Exercise description »
Beneath this line are the data; copy exactly the part of them that opens with the line containing "using hS unfolding" and closes with the line containing "(N*S1)^2 - n2^2*(4*N", and only that part.

Data shown »
-------------------------

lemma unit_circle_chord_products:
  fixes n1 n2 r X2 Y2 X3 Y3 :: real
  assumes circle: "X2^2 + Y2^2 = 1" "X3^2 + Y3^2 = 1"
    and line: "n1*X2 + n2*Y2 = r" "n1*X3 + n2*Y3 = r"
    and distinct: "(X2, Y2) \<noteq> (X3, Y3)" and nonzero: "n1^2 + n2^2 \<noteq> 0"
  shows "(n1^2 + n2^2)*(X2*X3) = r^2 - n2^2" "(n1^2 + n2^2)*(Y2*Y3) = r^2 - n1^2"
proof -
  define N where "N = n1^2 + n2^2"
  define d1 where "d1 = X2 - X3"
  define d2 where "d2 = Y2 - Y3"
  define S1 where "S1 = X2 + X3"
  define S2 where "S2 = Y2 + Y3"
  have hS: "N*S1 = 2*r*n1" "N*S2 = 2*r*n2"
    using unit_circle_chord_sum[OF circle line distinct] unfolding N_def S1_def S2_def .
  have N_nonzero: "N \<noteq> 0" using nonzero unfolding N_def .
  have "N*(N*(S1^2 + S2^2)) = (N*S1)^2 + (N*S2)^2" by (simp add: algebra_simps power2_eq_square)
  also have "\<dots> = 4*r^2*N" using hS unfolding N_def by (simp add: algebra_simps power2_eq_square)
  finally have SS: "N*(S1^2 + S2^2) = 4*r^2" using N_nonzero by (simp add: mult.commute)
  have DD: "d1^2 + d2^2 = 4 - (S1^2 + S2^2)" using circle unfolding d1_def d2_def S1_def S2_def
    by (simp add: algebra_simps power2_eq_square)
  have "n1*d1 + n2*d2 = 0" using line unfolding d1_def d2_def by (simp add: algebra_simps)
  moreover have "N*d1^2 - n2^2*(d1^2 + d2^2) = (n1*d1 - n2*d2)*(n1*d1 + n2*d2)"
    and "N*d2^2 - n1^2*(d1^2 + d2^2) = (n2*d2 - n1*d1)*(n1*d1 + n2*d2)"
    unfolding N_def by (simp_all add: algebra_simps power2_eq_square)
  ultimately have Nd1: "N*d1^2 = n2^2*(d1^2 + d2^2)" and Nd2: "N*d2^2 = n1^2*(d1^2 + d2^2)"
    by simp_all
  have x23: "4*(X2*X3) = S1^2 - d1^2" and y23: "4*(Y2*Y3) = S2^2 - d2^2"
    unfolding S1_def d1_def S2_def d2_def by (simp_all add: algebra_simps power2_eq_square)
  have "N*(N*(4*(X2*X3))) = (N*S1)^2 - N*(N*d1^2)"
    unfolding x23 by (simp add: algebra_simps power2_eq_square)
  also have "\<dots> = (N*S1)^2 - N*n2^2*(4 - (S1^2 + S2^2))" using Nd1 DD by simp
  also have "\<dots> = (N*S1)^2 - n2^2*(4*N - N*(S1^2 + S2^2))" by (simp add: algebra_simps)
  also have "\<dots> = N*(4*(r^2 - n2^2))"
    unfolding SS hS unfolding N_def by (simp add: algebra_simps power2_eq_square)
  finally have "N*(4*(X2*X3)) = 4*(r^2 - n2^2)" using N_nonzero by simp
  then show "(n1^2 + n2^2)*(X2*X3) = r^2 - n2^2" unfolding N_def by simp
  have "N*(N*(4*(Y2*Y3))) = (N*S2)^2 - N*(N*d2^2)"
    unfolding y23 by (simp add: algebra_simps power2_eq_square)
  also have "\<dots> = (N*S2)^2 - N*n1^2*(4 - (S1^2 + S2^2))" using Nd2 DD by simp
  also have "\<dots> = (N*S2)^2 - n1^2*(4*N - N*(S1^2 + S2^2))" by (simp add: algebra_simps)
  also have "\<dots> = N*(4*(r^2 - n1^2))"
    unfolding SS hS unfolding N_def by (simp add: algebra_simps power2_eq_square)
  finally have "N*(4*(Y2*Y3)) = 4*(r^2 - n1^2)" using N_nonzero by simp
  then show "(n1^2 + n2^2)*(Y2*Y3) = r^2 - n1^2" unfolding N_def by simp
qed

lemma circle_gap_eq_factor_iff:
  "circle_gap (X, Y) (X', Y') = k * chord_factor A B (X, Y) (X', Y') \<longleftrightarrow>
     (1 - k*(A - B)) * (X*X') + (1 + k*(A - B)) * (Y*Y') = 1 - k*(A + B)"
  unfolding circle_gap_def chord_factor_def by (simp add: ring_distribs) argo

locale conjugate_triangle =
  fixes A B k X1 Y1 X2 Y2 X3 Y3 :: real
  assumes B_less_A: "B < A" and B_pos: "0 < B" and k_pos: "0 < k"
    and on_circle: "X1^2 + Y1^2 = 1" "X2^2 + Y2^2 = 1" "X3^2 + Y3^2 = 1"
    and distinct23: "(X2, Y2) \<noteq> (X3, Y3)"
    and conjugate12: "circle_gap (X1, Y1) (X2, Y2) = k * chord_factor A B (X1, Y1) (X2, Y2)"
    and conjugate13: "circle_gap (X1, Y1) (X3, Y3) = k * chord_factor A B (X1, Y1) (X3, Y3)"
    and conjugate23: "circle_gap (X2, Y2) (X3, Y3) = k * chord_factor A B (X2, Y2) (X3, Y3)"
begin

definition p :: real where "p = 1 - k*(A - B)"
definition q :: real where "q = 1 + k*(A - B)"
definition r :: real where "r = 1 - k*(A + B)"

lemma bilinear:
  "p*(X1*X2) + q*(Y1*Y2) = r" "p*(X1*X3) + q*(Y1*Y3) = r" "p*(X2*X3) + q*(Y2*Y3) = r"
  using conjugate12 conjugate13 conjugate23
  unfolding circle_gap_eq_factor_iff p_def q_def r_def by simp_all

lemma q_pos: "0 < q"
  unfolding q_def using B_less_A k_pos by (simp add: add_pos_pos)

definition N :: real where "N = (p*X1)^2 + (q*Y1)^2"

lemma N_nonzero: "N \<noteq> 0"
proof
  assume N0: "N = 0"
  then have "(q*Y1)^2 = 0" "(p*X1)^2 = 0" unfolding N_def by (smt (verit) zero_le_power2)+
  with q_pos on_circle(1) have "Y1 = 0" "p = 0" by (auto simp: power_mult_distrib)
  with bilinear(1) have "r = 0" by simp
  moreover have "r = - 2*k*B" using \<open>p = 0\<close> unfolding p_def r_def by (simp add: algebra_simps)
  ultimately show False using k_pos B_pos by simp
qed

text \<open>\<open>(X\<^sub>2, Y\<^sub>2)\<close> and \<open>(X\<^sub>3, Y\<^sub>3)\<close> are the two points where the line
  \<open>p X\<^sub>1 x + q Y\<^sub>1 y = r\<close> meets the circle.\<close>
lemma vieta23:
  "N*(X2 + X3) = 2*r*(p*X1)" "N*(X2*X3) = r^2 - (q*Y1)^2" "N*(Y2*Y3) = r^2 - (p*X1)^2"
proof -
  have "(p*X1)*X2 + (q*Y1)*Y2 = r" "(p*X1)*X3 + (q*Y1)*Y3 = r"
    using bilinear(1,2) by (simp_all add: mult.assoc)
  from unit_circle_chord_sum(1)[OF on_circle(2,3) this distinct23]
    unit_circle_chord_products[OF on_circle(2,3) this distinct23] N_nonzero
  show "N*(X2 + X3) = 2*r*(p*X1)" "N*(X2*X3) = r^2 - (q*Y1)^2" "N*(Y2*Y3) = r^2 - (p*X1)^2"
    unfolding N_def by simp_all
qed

-------------------------

Your solution »
  also have "\<dots> = 4*r^2*N" using hS unfolding N_def by (simp add: algebra_simps power2_eq_square)
  finally have SS: "N*(S1^2 + S2^2) = 4*r^2" using N_nonzero by (simp add: mult.commute)
  have DD: "d1^2 + d2^2 = 4 - (S1^2 + S2^2)" using circle unfolding d1_def d2_def S1_def S2_def
    by (simp add: algebra_simps power2_eq_square)
  have "n1*d1 + n2*d2 = 0" using line unfolding d1_def d2_def by (simp add: algebra_simps)
  moreover have "N*d1^2 - n2^2*(d1^2 + d2^2) = (n1*d1 - n2*d2)*(n1*d1 + n2*d2)"
    and "N*d2^2 - n1^2*(d1^2 + d2^2) = (n2*d2 - n1*d1)*(n1*d1 + n2*d2)"
    unfolding N_def by (simp_all add: algebra_simps power2_eq_square)
  ultimately have Nd1: "N*d1^2 = n2^2*(d1^2 + d2^2)" and Nd2: "N*d2^2 = n1^2*(d1^2 + d2^2)"
    by simp_all
  have x23: "4*(X2*X3) = S1^2 - d1^2" and y23: "4*(Y2*Y3) = S2^2 - d2^2"
    unfolding S1_def d1_def S2_def d2_def by (simp_all add: algebra_simps power2_eq_square)
  have "N*(N*(4*(X2*X3))) = (N*S1)^2 - N*(N*d1^2)"
    unfolding x23 by (simp add: algebra_simps power2_eq_square)
  also have "\<dots> = (N*S1)^2 - N*n2^2*(4 - (S1^2 + S2^2))" using Nd1 DD by simp
  also have "\<dots> = (N*S1)^2 - n2^2*(4*N - N*(S1^2 + S2^2))" by (simp add: algebra_simps)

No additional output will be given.